In some variations, the physiological parameter may comprise heart rate variability (HRV). Generally, heart rate variability corresponds to the variation in a time interval between consecutive heartbeats as measured in milliseconds. An accuracy of a heart rate variability prediction may depend on the correct prediction of a set of peak locations of a set of cardiac cycles. In some variations, the heart rate variability may comprise one or more of a standard deviation of NN intervals (SDNN), a mean of the NN (e.g., peak-to-peak distance) intervals, and a root mean square of successive differences between normal heartbeats (RMSSD).

In some variations, predicting the physiological parameter may comprise extracting a set of color channels (e.g., red, green, blue) from the processed one or more image signals and identifying a set of peak locations. For example, each color channel may be weighted by the variance of a predetermined number of frames (e.g., about the last 100 frames). In some variations, a set of peak locations may be identified by calculating a first derivative of one or more of the image signals. In some variations, one or more of the image signals may be quadratically upsampled around the peaks identified from the calculated first derivative to compensate for a lower sampling rate of the image signals. Noisy peaks having an amplitude lower than a predetermined percentage of the median amplitude of the peaks may be discarded. Diastolic and other noisy peaks where consecutive peaks having a distance of less than about 500 milliseconds may be discarded. The remaining peak locations may be used to predict heart rate variability based on peak-to-peak distances. FIG. 14B are plots of heart rate variability prediction errors for SDNN (1440), mean of the NN (1450), and RMSSD (1460).

B. Face Image Signal

FIG. 3 is a flowchart depicting an illustrative variation of a method of monitoring a physiological parameter using a face of a patient (300). When an image signal corresponds to a face of the patient, the methods of monitoring a physiological parameter may generally comprise receiving one or more image signals corresponding to a face of the patient (310). In some variations, one or more of the image signals may be processed based on a shutter speed and signal gain of an optical sensor associated with one or more of the signals (320), as described herein.

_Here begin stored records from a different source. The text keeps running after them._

text \<open>For \<open>n \<ge> K\<close> the braid relation rewrites \<open>alt_word s t n\<close> into a word ending in \<open>s\<close>.\<close>

lemma dihedral_reduced_length_less:
  assumes "s \<noteq> t" "m s t = enat K"
    and "n \<le> word_length {s, t} (act (alt_word s t n) \<circ> srefl s)"
  shows "n < K"
proof (rule ccontr)
  assume "\<not> n < K"
  then obtain j where n: "n = j + K" by (metis add.commute le_add_diff_inverse not_less)
  obtain k where k: "K = Suc k" using dihedral_order_enat(1)[OF assms(1,2)] by (cases K) auto
  define pre where "pre = take j (alt_word s t n)"
  have "drop j (alt_word s t n) = alt_word s t K" using drop_alt_word n by simp
  then have "alt_word s t n = pre @ alt_word s t K"
    unfolding pre_def by (metis append_take_drop_id)
  then have "act (alt_word s t n) \<circ> srefl s = act pre \<circ> (act (alt_word t s K) \<circ> srefl s)"
    by (simp add: braid_relation[OF assms(1,2)] comp_assoc)
  also have "act (alt_word t s K) \<circ> srefl s = act (alt_word s t k)"
    unfolding k alt_word_Suc_snoc by (rule act_snoc_srefl)
  finally have "act (alt_word s t n) \<circ> srefl s = act (pre @ alt_word s t k)"
    by (simp only: act_append)
  moreover have "set (pre @ alt_word s t k) \<subseteq> {s, t}"
    using set_alt_word[of s t n] set_alt_word[of s t k] unfolding pre_def
    by (auto dest: in_set_takeD)
  ultimately have "word_length {s, t} (act (alt_word s t n) \<circ> srefl s) \<le> length (pre @ alt_word s t k)"
    by (intro word_length_le) auto
  then show False using assms(3) n k by (simp add: pre_def)
qed
(* Let $X$ be a random variable with CDF $F$ and mean $\mu=\mathbb{E}X$, and let $1\le j\le m$ be integers. Each of the following conditions implies $\mathbb{E}X_{j:m}\leq\mu$: 1. $F$ is in the DD class (i.e. $F^{-1}$ is convex on $(0,1)$) and $\frac12\geq\frac{j}{m+1}$; 2. $F$ is DLOR (i.e. $F^{-1}\circ L$ is convex on $\mathbb{R}$, where $L(x)=\frac1{1+e^{-x}}$) and $\psi(j)-\psi(m-j+1)\leq 0$; 3. $F$ is DHR (i.e. $F^{-1}\circ\mathcal{E}$ is convex on $(0,\infty)$, where $\mathcal{E}(x)=1-e^{-x}$) and $1\geq\sum_{k=m-j+1}^{m}\frac1k$; 4. $F$ is DRHR (i.e. $F^{-1}\circ\mathcal{E}_-$ is convex on $(-\infty,0)$, where $\mathcal{E}_-(x)=e^{x}$ for $x\le 0$) and $1\leq\sum_{k=j}^{m}\frac1k$.
   Context: $F^{-1}(p)=\inf\{x:F(x)\ge p\}$ is the quantile function. $X_{j:m}$ is the $j$-th order statistic of an i.i.d. sample of size $m$ from $F$. $\psi$ denotes the digamma function. DD: decreasing density (concave CDF); DLOR: decreasing log-odds rate (concave log-odds); DHR: decreasing hazard rate (concave $-\log(1-F)$); DRHR: decreasing reversed hazard rate ($\log F$ concave); the precise definitions used are those given in the claim in terms of the quantile function. *)

theory Defs
  imports "HOL-Probability.Probability"
begin
theorem lemma3p3:
  fixes v :: "nat \<Rightarrow> real^'m"
    and l :: nat
    and V :: "(real^'m) set"
    and \<phi> :: "real^'m \<Rightarrow> real^'m"
    and M :: "real mat"
    and Bs :: "real mat list"
    and i0 :: nat
  assumes basis_indep: "independent (v ` {..<CARD('m)})"
    and basis_inj: "inj_on v {..<CARD('m)}"
    and basis_span: "span (v ` {..<CARD('m)}) = UNIV"
    and l_le: "l \<le> CARD('m)"
    and V_def: "V = span (v ` {..<l})"
    and lin: "linear \<phi>"
    and no_fix: "\<And>x. x \<in> V \<Longrightarrow> x \<noteq> 0 \<Longrightarrow> \<phi> x \<noteq> x"
    and M_dim: "M \<in> carrier_mat CARD('m) l"
    and M_cols: "\<And>j. j < l \<Longrightarrow> \<phi> (v j) = (\<Sum>i<CARD('m). M $$ (i, j) *\<^sub>R v i)"
    and J_dim: "diag_block_mat Bs \<in> carrier_mat l l"
    and M_top: "\<And>i j. i < l \<Longrightarrow> j < l \<Longrightarrow> M $$ (i, j) = diag_block_mat Bs $$ (i, j)"
    and i0: "i0 \<in> {1, 5, 6}"
    and types: "\<And>B. B \<in> set Bs \<Longrightarrow> is_block_type i0 B"
  shows "\<exists>V'. subspace V' \<and> V' \<subseteq> V \<and> real (dim V') \<ge> real l / 3
              \<and> \<phi> ` V' \<inter> V' = {0} \<and> inj_on \<phi> V'"
proof -
  interpret matrix_of_linear_map v "CARD('m)" \<phi> M l
    by (intro matrix_of_linear_map.intro indexed_basis.intro matrix_of_linear_map_axioms.intro assms)
  let ?J = "diag_block_mat Bs"
  obtain S where S: "S \<subseteq> {..<l}" "real l \<le> 3 * real (card S)"
    and no_return: "\<And>x. x \<in> span (v ` S) \<Longrightarrow> \<phi> x \<in> span (v ` S) \<Longrightarrow> x = 0"
  proof (cases "i0 = 1")
    case True
    then obtain k where "?J = 1\<^sub>m k"
      using diag_block_mat_one_mats[of Bs] types is_block_type_1 by blast
    then have "M $$ (i, j) = (if i = j then 1 else 0)" if "i < l" "j < l" for i j
      using M_top[OF that] that J_dim by auto
    then show thesis
      using identity_submatrix_fixes[of "{..<l}"] no_fix V_def by (intro that[of "{..<l}"]) auto
  next
    case False
    then have "i0 \<in> {5, 6}" using i0 by auto
    then obtain S \<tau> where J_pivots: "outside_pivots ?J S \<tau>" "dim_col ?J \<le> 3 * card S"
      using outside_pivots_diag_block_mat[of Bs 3] is_block_type_square[OF types]
        is_block_type_outside_pivots[OF _ types] by blast
    then have "S \<subseteq> {..<l}" "outside_pivots M S \<tau>"
      using outside_pivots_submatrix[OF J_pivots(1)] J_dim M_dim M_top l_le
      by (auto simp: outside_pivots_def[of ?J])
    then show thesis
      using J_pivots(2) J_dim outside_pivots_no_return by (intro that[of S]) auto
  qed
  then show ?thesis
    using no_return_subfamily_span[OF S(1) no_return] S(2) V_def
    by (intro exI[of _ "span (v ` S)"]) auto
qed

In some variations, one or more of the image signals may be processed based on a face of the patient (322). For example, a face of the patient may be extracted from the image signal and used to generate a PPG signal for physiological parameter prediction. FIG. 15 is a block diagram of facial image processing (1500) of received image signals (1502) (e.g., video frames F). Input frame (1700) of FIG. 17 is an example of a received image signal. In some variations, a face of the received image signals (1502) may be detected (e.g., selected, identified) using a face detection module at step 1510 (e.g., for each frame of video). For example, the face output (1512) may include bounding box coordinates (x_l, x_r, y_t, y_b).

The face output (1512) of the face detection step 1512 may be input for a region of interest (ROI) selection module at step 1520. In some variations, a neck of the patient may be detected based on the detected face at step 1520. A face and neck output (1522) of the ROI selection step 1520 may include the selected face and neck of the patient. That is, the selected skin pixels of the image signal may include both the face and the neck of the patient selected from the image signals F. In some variations, the face and neck output (1522) may include a set of padded bounding boxes P.

Additionally or alternatively, a face of the patient may be processed (e.g., detected) by generating a face mesh. FIG. 16A is an image (1600) of facial image detection including a face mesh (1620) corresponding to a face of a patient (1610). FIG. 16B is another image of a face mesh (1630) corresponding to face mesh (1620) of the image (1600).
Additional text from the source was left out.